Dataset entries
◇ ◇ ◇
lemma cobordantI:
  fixes H :: "'b graph"
  assumes H: "Gd 3 H" and iso: "graph_iso (delta 3 H) (disj_union G1 G2)"
  shows "cobordant G1 G2"
proof -
  have graph: "is_graph H"
    using H by (simp add: Gd_3 Gstep_def)
  then have "finite (verts H)"
    by (simp add: is_graph_def)
  then obtain f :: "'b \<Rightarrow> nat" where f: "inj_on f (verts H)"
    by (metis finite_imp_inj_to_nat_seg)
  interpret relabelling "Sd 2" "Bd 2" "Sd 2" "Bd 2" f
    using Sd_Bd_map_graph by unfold_locales blast+
  have "Gd 3 (map_graph f H)"
    using Gstep_map_graph[OF graph f] H by (simp add: Gd_3)
  moreover have "graph_iso (delta 3 (map_graph f H)) (delta 3 H)"
  proof -
    have "inj_on f (verts (delta 3 H))"
      using f by (rule inj_on_subset) (auto simp: delta_3 bdry_def)
    then have "graph_iso (delta 3 H) (map_graph f (delta 3 H))"
      using graph_iso_map_graph[OF is_graph_induce[OF graph]] by (simp add: delta_3 bdry_def)
    then have "graph_iso (map_graph f (delta 3 H)) (delta 3 H)"
      by (rule graph_iso_sym)
    then show ?thesis
      using bdry_map_graph[OF graph f] by (simp add: delta_3)
  qed
  ultimately show ?thesis
    unfolding cobordant_def using graph_iso_trans[OF _ iso] by (intro exI[of _ "map_graph f H"]) simp
qed

lemma cobordant_if_Sd_2:
  assumes G1: "Sd 2 G1" and G2: "Sd 2 G2"
  shows "cobordant G1 G2"
proof (rule cobordantI)
  let ?H = "disj_union (cone G1) (cone G2)"
  have cone1: "Gstep (Sd 2) (Bd 2) (cone G1)" "bdry (Bd 2) (cone G1) = map_graph Some G1"
    using Gd_3_cone[OF G1] by (simp_all add: Gd_3 delta_3)
  have cone2: "Gstep (Sd 2) (Bd 2) (cone G2)" "bdry (Bd 2) (cone G2) = map_graph Some G2"
    using Gd_3_cone[OF G2] by (simp_all add: Gd_3 delta_3)
  show "Gd 3 ?H"
    using Gstep_bdry_disj_union(1)[OF cone1(1) cone2(1)] by (simp add: Gd_3)
  have "delta 3 ?H = map_graph (map_sum Some Some) (disj_union G1 G2)"
    using Gstep_bdry_disj_union(2)[OF cone1(1) cone2(1)] cone1(2) cone2(2)
    by (simp add: delta_3 disj_union_map_graph)
  moreover have "inj_on (map_sum Some Some) (verts (disj_union G1 G2))"
    by (auto simp: inj_on_def)
  then have "graph_iso (disj_union G1 G2) (map_graph (map_sum Some Some) (disj_union G1 G2))"
    by (rule graph_iso_map_graph[OF is_graph_disj_union[OF Sd_is_graph[OF G1] Sd_is_graph[OF G2]]])
  then have "graph_iso (map_graph (map_sum Some Some) (disj_union G1 G2)) (disj_union G1 G2)"
    by (rule graph_iso_sym)
  ultimately show "graph_iso (delta 3 ?H) (disj_union G1 G2)"
    by simp
qed

theorem mainTheorem6:
  shows "equiv {G :: 'a graph. Sd 2 G} {(G1, G2). Sd 2 G1 \<and> Sd 2 G2 \<and> cobordant G1 G2}"
proof -
  have "{(G1, G2). Sd 2 G1 \<and> Sd 2 G2 \<and> cobordant G1 G2} = {G :: 'a graph. Sd 2 G} \<times> {G. Sd 2 G}"
    using cobordant_if_Sd_2 by auto
  then show ?thesis
    by (simp add: equiv_def refl_on_def sym_def trans_def)
qed

end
◇ ◇ ◇
Task: Once you find the line containing "G1 G2)) (disj_union", copy it and every line after it through the end of the records, exactly and nothing else.

Result of the exercise:
  then have "graph_iso (map_graph (map_sum Some Some) (disj_union G1 G2)) (disj_union G1 G2)"
    by (rule graph_iso_sym)
  ultimately show "graph_iso (delta 3 ?H) (disj_union G1 G2)"
    by simp
qed

theorem mainTheorem6:
  shows "equiv {G :: 'a graph. Sd 2 G} {(G1, G2). Sd 2 G1 \<and> Sd 2 G2 \<and> cobordant G1 G2}"
proof -
  have "{(G1, G2). Sd 2 G1 \<and> Sd 2 G2 \<and> cobordant G1 G2} = {G :: 'a graph. Sd 2 G} \<times> {G. Sd 2 G}"
    using cobordant_if_Sd_2 by auto
  then show ?thesis
    by (simp add: equiv_def refl_on_def sym_def trans_def)
qed

end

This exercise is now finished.